(* (1) The set $\{\xi\in\Sigma_2\colon I_{[\xi]}\text{ is a single point}\}$ is residual in $\Sigma_2$. (2) For every $\xi^+\in\Sigma_2^+$, the set $\{\xi^-\in\Sigma_2^-\colon I_{[\xi^-.\xi^+]}\text{ is a non-trivial interval}\}$ is uncountable and dense in $\Sigma_2^-$. Moreover, for every closed interval $J\subset(0,1)$ and every $\xi^+\in\Sigma_2^+$, the set of $\xi^-\in\Sigma_2^-$ with $I_{[\xi^-.\xi^+]}\supset J$ is uncountable.
   Context: Let $f_0,f_1\colon[0,1]\to[0,1]$ be $C^1$ injective maps such that: (F0.i) $f_0$ is increasing and has exactly two fixed points $0$ and $1$, both hyperbolic, with $f_0'(0)=\beta>1$, $f_0'(1)=\lambda\in(0,1)$ and $\lambda\le f_0'(x)\le\beta$ for all $x\in[0,1]$; (F0.ii) there are intervals $I_0=[a_0,b_0]\subset(0,1)$ with $b_0=f_0(a_0)$ and $I_1=[a_1,b_1]$ with $b_1=f_0(a_1)$, and numbers $\alpha>1$, $N\ge1$, with $f_0^N(I_0)=I_1$ and $\lambda\,(f_0^N)'(x)>\alpha$ for all $x\in I_0$; moreover $f_0$ is expanding on $[0,b_0]$ and contracting on $[a_1,1]$; (F1.i) $f_1$ is decreasing with $\gamma'=\min_{[0,1]}|f_1'|\le\gamma=\max_{[0,1]}|f_1'|<1$; (F1.ii) $|f_1'(x)|\ge\bar\alpha>1/\alpha$ for all $x\in[f_1^2(a_1),a_1]$; (F01) $f_1(1)=0$, $f_1([a_1,1])\subset[0,a_0)$, and $[0,f_0^{-2}(b_0))\subset f_1([0,1])$. $\Sigma_2=\{0,1\}^{\mathbb Z}$ with the metric $d(\xi,\eta)=\sum_i2^{-|i|}|\xi_i-\eta_i|$; $\Sigma_2^+=\{0,1\}^{\mathbb N}$, $\Sigma_2^-=\{0,1\}^{-\mathbb N}$ (product topologies), and a sequence $\xi\in\Sigma_2$ is written $\xi=\xi^-.\xi^+$ with $\xi^-=(\ldots\xi_{-2}\xi_{-1})$, $\xi^+=(\xi_0\xi_1\ldots)$. The admissible domain of $\xi$ is $I_{[\xi]}=\bigcap_{m\ge1}f_{\xi_{-1}}\circ\cdots\circ f_{\xi_{-m}}([0,1])$, a nested intersection of non-trivial compact intervals, hence a point or a non-trivial interval. *)

theory Defs
  imports "HOL-Analysis.Analysis"
begin

text \<open>Symbols: the alphabet {0,1} is represented by bool, with False = 0 and True = 1.\<close>

definition fsel :: "(real \<Rightarrow> real) \<Rightarrow> (real \<Rightarrow> real) \<Rightarrow> bool \<Rightarrow> real \<Rightarrow> real" where
  "fsel f0 f1 b = (if b then f1 else f0)"

text \<open>Two-sided sequences xi :: int => bool (Sigma_2).
  One-sided past xm :: nat => bool (Sigma_2^-), with xm n = xi_{-(n+1)}.
  One-sided future xp :: nat => bool (Sigma_2^+), with xp n = xi_n.\<close>

definition negpart :: "(int \<Rightarrow> bool) \<Rightarrow> nat \<Rightarrow> bool" where
  "negpart xi = (\<lambda>n. xi (- int n - 1))"

definition glue :: "(nat \<Rightarrow> bool) \<Rightarrow> (nat \<Rightarrow> bool) \<Rightarrow> int \<Rightarrow> bool" where
  "glue xm xp = (\<lambda>i. if 0 \<le> i then xp (nat i) else xm (nat (- i - 1)))"

definition dSigma :: "(int \<Rightarrow> bool) \<Rightarrow> (int \<Rightarrow> bool) \<Rightarrow> real" where
  "dSigma xi eta = (\<Sum>\<^sub>\<infinity> i::int. (1/2) ^ nat \<bar>i\<bar> * of_bool (xi i \<noteq> eta i))"

definition Sigma2_top :: "(int \<Rightarrow> bool) topology" where
  "Sigma2_top = Metric_space.mtopology UNIV dSigma"

definition Sigma2_half_top :: "(nat \<Rightarrow> bool) topology" where
  "Sigma2_half_top = product_topology (\<lambda>_. discrete_topology UNIV) UNIV"

definition residual_in :: "'a topology \<Rightarrow> 'a set \<Rightarrow> bool" where
  "residual_in X S \<longleftrightarrow> S \<subseteq> topspace X \<and>
     (\<exists>U :: nat \<Rightarrow> 'a set. (\<forall>n. openin X (U n) \<and> X closure_of (U n) = topspace X)
        \<and> (\<Inter>n. U n) \<subseteq> S)"

definition dense_in :: "'a topology \<Rightarrow> 'a set \<Rightarrow> bool" where
  "dense_in X S \<longleftrightarrow> S \<subseteq> topspace X \<and> X closure_of S = topspace X"

text \<open>compo f0 f1 xm m = f_{xi_{-1}} o ... o f_{xi_{-m}}.\<close>
primrec compo :: "(real \<Rightarrow> real) \<Rightarrow> (real \<Rightarrow> real) \<Rightarrow> (nat \<Rightarrow> bool) \<Rightarrow> nat \<Rightarrow> real \<Rightarrow> real" where
  "compo f0 f1 xm 0 = id"
| "compo f0 f1 xm (Suc m) = compo f0 f1 xm m \<circ> fsel f0 f1 (xm m)"

definition adm_dom :: "(real \<Rightarrow> real) \<Rightarrow> (real \<Rightarrow> real) \<Rightarrow> (int \<Rightarrow> bool) \<Rightarrow> real set" where
  "adm_dom f0 f1 xi = (\<Inter>m\<in>{1..}. compo f0 f1 (negpart xi) m ` {0..1})"

end

theory Submission
  imports Defs
begin

text \<open>Every admissible domain is a nested intersection of compact intervals, hence a point or an
  interval. For (1): the set of \<open>\<xi>\<close> with a stage of diameter \<open>< 1/(n+1)\<close> is open, since a stage
  depends only on finitely many coordinates, and dense, since appending a long run of \<open>f\<^sub>1\<close> (a
  contraction) to any finite past shrinks the stage as much as we like; its intersection over \<open>n\<close>
  consists of the \<open>\<xi>\<close> with a one-point domain. For the density in (2): a past that is eventually
  \<open>0\<close> has a stage of positive length as domain, since \<open>f\<^sub>0\<close> maps \<open>[0,1]\<close> onto itself. For the last
  claim, and with it the uncountability in (2): every \<open>J \<subset> (0,1)\<close> is the image of some
  \<open>J' \<subset> (0,1)\<close> under \<open>f\<^sub>0\<^sup>k \<circ> f\<^sub>1\<close> once \<open>k\<close> is large, because \<open>f\<^sub>0\<^sup>k(f\<^sub>1 0) \<rightarrow> 1\<close>; repeating this with
  two admissible choices of \<open>k\<close> at every step codes each binary sequence injectively into a past
  whose domain contains \<open>J\<close>. Of the hypotheses only continuity, injectivity, monotonicity, the
  fixed points of \<open>f\<^sub>0\<close>, \<open>f\<^sub>1 1 = 0\<close> and the Lipschitz constants \<open>\<beta>\<close> and \<open>\<gamma> < 1\<close> are needed.\<close>

section \<open>The metric on two-sided sequences\<close>

definition sym_weight :: "int \<Rightarrow> real" where
  "sym_weight i = (1/2) ^ nat \<bar>i\<bar>"

lemma sym_weight_pos: "0 < sym_weight i"
  by (simp add: sym_weight_def)

lemma geometric_sum_above_le:
  assumes "finite A" "\<forall>n\<in>A. M < n"
  shows "(\<Sum>n\<in>A. (1/2::real) ^ n) \<le> (1/2) ^ M"
proof -
  define h where "h n = (if M < n then (1/2::real) ^ n else 0)" for n
  have hs: "summable h"
    by (rule summable_comparison_test[where g="\<lambda>n. (1/2::real) ^ n"]) (auto simp: h_def)
  have "(\<Sum>n\<in>A. (1/2::real) ^ n) = sum h A" using assms by (auto simp: h_def intro!: sum.cong)
  also have "\<dots> \<le> suminf h" by (rule sum_le_suminf[OF hs assms(1)]) (auto simp: h_def)
  also have "suminf h = (\<Sum>n. h (n + Suc M)) + (\<Sum>i<Suc M. h i)"
    by (rule suminf_split_initial_segment[OF hs])
  also have "(\<Sum>i<Suc M. h i) = 0" by (auto simp: h_def)
  also have "(\<Sum>n. h (n + Suc M)) = (\<Sum>n. (1/2) ^ Suc M * (1/2::real) ^ n)"
    by (simp add: h_def power_add mult.commute)
  also have "\<dots> = (1/2) ^ Suc M * 2"
    by (subst suminf_mult) (auto simp: suminf_geometric)
  finally show ?thesis by simp
qed

lemma sym_weight_sum_above_le:
  assumes "finite F" "\<forall>i\<in>F. M < nat \<bar>i\<bar>"
  shows "(\<Sum>i\<in>F. sym_weight i) \<le> 2 * (1/2) ^ M"
proof -
  have half: "(\<Sum>i\<in>F \<inter> P. sym_weight i) \<le> (1/2) ^ M" if "inj_on (\<lambda>i. nat \<bar>i\<bar>) P" for P
  proof -
    have "(\<Sum>i\<in>F \<inter> P. sym_weight i) = (\<Sum>n\<in>(\<lambda>i. nat \<bar>i\<bar>) ` (F \<inter> P). (1/2::real) ^ n)"
      using inj_on_subset[OF that] by (simp add: sum.reindex sym_weight_def)
    also have "\<dots> \<le> (1/2) ^ M" using assms by (intro geometric_sum_above_le) auto
    finally show ?thesis .
  qed
  have "(\<Sum>i\<in>F. sym_weight i) = (\<Sum>i\<in>F \<inter> {0..}. sym_weight i) + (\<Sum>i\<in>F \<inter> {..<0}. sym_weight i)"
    using assms(1) by (subst sum.union_disjoint[symmetric]) (auto intro!: sum.cong)
  also have "\<dots> \<le> (1/2) ^ M + (1/2) ^ M"
    by (intro add_mono half) (auto simp: inj_on_def)
  finally show ?thesis by simp
qed

lemma sym_weight_sum_le:
  assumes "finite F"
  shows "(\<Sum>i\<in>F. sym_weight i) \<le> 3"
proof -
  have "(\<Sum>i\<in>F. sym_weight i) = (\<Sum>i\<in>F \<inter> {0}. sym_weight i) + (\<Sum>i\<in>F - {0}. sym_weight i)"
    using assms by (subst sum.union_disjoint[symmetric]) (auto intro!: sum.cong)
  also have "(\<Sum>i\<in>F \<inter> {0}. sym_weight i) \<le> 1"
    by (cases "0 \<in> F") (auto simp: sym_weight_def Int_insert_right)
  also have "(\<Sum>i\<in>F - {0}. sym_weight i) \<le> 2 * (1/2) ^ 0"
    using assms by (intro sym_weight_sum_above_le) auto
  finally show ?thesis by simp
qed

lemma summable_on_if_dominated_by_sym_weight:
  assumes "\<And>i. 0 \<le> g i \<and> g i \<le> sym_weight i"
  shows "g summable_on UNIV"
proof (rule nonneg_bdd_above_summable_on)
  show "bdd_above (sum g ` {F. F \<subseteq> UNIV \<and> finite F})"
  proof (rule bdd_aboveI)
    fix x assume "x \<in> sum g ` {F. F \<subseteq> UNIV \<and> finite F}"
    then obtain F where F: "finite F" "x = sum g F" by auto
    have "sum g F \<le> sum sym_weight F" using assms by (intro sum_mono) auto
    with sym_weight_sum_le[OF F(1)] F show "x \<le> 3" by simp
  qed
qed (use assms in auto)

lemma infsum_le_if_dominated_by_sym_weight_tail:
  assumes "\<And>i. 0 \<le> g i \<and> g i \<le> sym_weight i" "\<And>i. nat \<bar>i\<bar> \<le> M \<Longrightarrow> g i = 0"
  shows "infsum g UNIV \<le> 2 * (1/2) ^ M"
proof (rule infsum_le_finite_sums[OF summable_on_if_dominated_by_sym_weight[OF assms(1)]])
  fix F :: "int set" assume F: "finite F"
  have "sum g F = sum g (F \<inter> {i. M < nat \<bar>i\<bar>})"
    using F assms(2) by (intro sum.mono_neutral_right) (auto simp: not_less)
  also have "\<dots> \<le> sum sym_weight (F \<inter> {i. M < nat \<bar>i\<bar>})"
    using assms(1) by (intro sum_mono) auto
  also have "\<dots> \<le> 2 * (1/2) ^ M" using F by (intro sym_weight_sum_above_le) auto
  finally show "sum g F \<le> 2 * (1/2) ^ M" .
qed

lemma dSigma_eq_infsum:
  "dSigma xi eta = infsum (\<lambda>i. sym_weight i * of_bool (xi i \<noteq> eta i)) UNIV"
  by (simp add: dSigma_def sym_weight_def)

lemma sym_weight_term_bounds: "0 \<le> sym_weight i * of_bool P \<and> sym_weight i * of_bool P \<le> sym_weight i"
  by (simp add: sym_weight_def)

lemma dSigma_summable: "(\<lambda>i. sym_weight i * of_bool (xi i \<noteq> eta i)) summable_on UNIV"
  by (rule summable_on_if_dominated_by_sym_weight[OF sym_weight_term_bounds])

lemma sym_weight_le_dSigma:
  assumes "xi i \<noteq> eta i"
  shows "sym_weight i \<le> dSigma xi eta"
proof -
  have "infsum (\<lambda>i. sym_weight i * of_bool (xi i \<noteq> eta i)) {i}
      \<le> infsum (\<lambda>i. sym_weight i * of_bool (xi i \<noteq> eta i)) UNIV"
    by (rule infsum_mono_neutral[OF _ dSigma_summable]) (auto simp: sym_weight_term_bounds)
  then show ?thesis using assms by (simp add: dSigma_eq_infsum)
qed

lemma dSigma_less_imp_eq:
  assumes "dSigma xi eta < (1/2) ^ M" "nat \<bar>i\<bar> \<le> M"
  shows "xi i = eta i"
proof (rule ccontr)
  assume "xi i \<noteq> eta i"
  then have "sym_weight i \<le> dSigma xi eta" by (rule sym_weight_le_dSigma)
  moreover have "(1/2::real) ^ M \<le> sym_weight i"
    unfolding sym_weight_def using assms(2) by (intro power_decreasing) auto
  ultimately show False using assms(1) by simp
qed

lemma dSigma_le_if_agree:
  assumes "\<And>i. nat \<bar>i\<bar> \<le> M \<Longrightarrow> xi i = eta i"
  shows "dSigma xi eta \<le> 2 * (1/2) ^ M"
  unfolding dSigma_eq_infsum
  by (rule infsum_le_if_dominated_by_sym_weight_tail) (auto simp: sym_weight_term_bounds assms)

lemma Metric_space_dSigma: "Metric_space UNIV dSigma"
proof
  fix x y z :: "int \<Rightarrow> bool"
  show "0 \<le> dSigma x y"
    unfolding dSigma_eq_infsum by (rule infsum_nonneg) (simp add: sym_weight_term_bounds)
  show "dSigma x y = dSigma y x"
    unfolding dSigma_eq_infsum by (simp add: eq_commute[of "x _"])
  show "dSigma x y = 0 \<longleftrightarrow> x = y"
  proof
    assume "dSigma x y = 0"
    then have "x i = y i" for i
      using sym_weight_le_dSigma[of x i y] sym_weight_pos[of i] by fastforce
    then show "x = y" by blast
  qed (simp add: dSigma_eq_infsum)
  have "dSigma x z \<le> infsum (\<lambda>i. sym_weight i * of_bool (x i \<noteq> y i)
                                  + sym_weight i * of_bool (y i \<noteq> z i)) UNIV"
    unfolding dSigma_eq_infsum
    by (rule infsum_mono[OF dSigma_summable summable_on_add[OF dSigma_summable dSigma_summable]])
       (auto simp: sym_weight_def)
  also have "\<dots> = dSigma x y + dSigma y z"
    unfolding dSigma_eq_infsum by (rule infsum_add[OF dSigma_summable dSigma_summable])
  finally show "dSigma x z \<le> dSigma x y + dSigma y z" .
qed

lemma compo_cong:
  "(\<And>i. i < m \<Longrightarrow> xm i = ym i) \<Longrightarrow> compo f0 f1 xm m = compo f0 f1 ym m"
  by (induction m) auto

lemma compo_add:
  "compo f0 f1 xm (m + n) = compo f0 f1 xm m \<circ> compo f0 f1 (\<lambda>i. xm (m + i)) n"
  by (induction n) auto

lemma compo_const: "compo f0 f1 (\<lambda>_. b) n = fsel f0 f1 b ^^ n"
  by (induction n) (auto simp: fun_eq_iff funpow_swap1)

lemma negpart_glue [simp]: "negpart (glue xm xp) = xm"
  by (auto simp: negpart_def glue_def)

lemma mono_on_image_atLeastAtMost:
  fixes g :: "real \<Rightarrow> real"
  assumes "a \<le> b" "continuous_on {a..b} g" "mono_on {a..b} g"
  shows "g ` {a..b} = {g a..g b}"
proof
  show "g ` {a..b} \<subseteq> {g a..g b}" using assms(1,3) by (auto simp: mono_on_def)
  show "{g a..g b} \<subseteq> g ` {a..b}"
  proof
    fix y assume "y \<in> {g a..g b}"
    then obtain x where "a \<le> x" "x \<le> b" "g x = y" using IVT'[of g a y b] assms by auto
    then show "y \<in> g ` {a..b}" by auto
  qed
qed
----------------------------------------
• [What this task involves] Where does the string "obtain" appear in the records above? Show every line that holds it.

• [Answer to the problem]
    then obtain F where F: "finite F" "x = sum g F" by auto
    then obtain x where "a \<le> x" "x \<le> b" "g x = y" using IVT'[of g a y b] assms by auto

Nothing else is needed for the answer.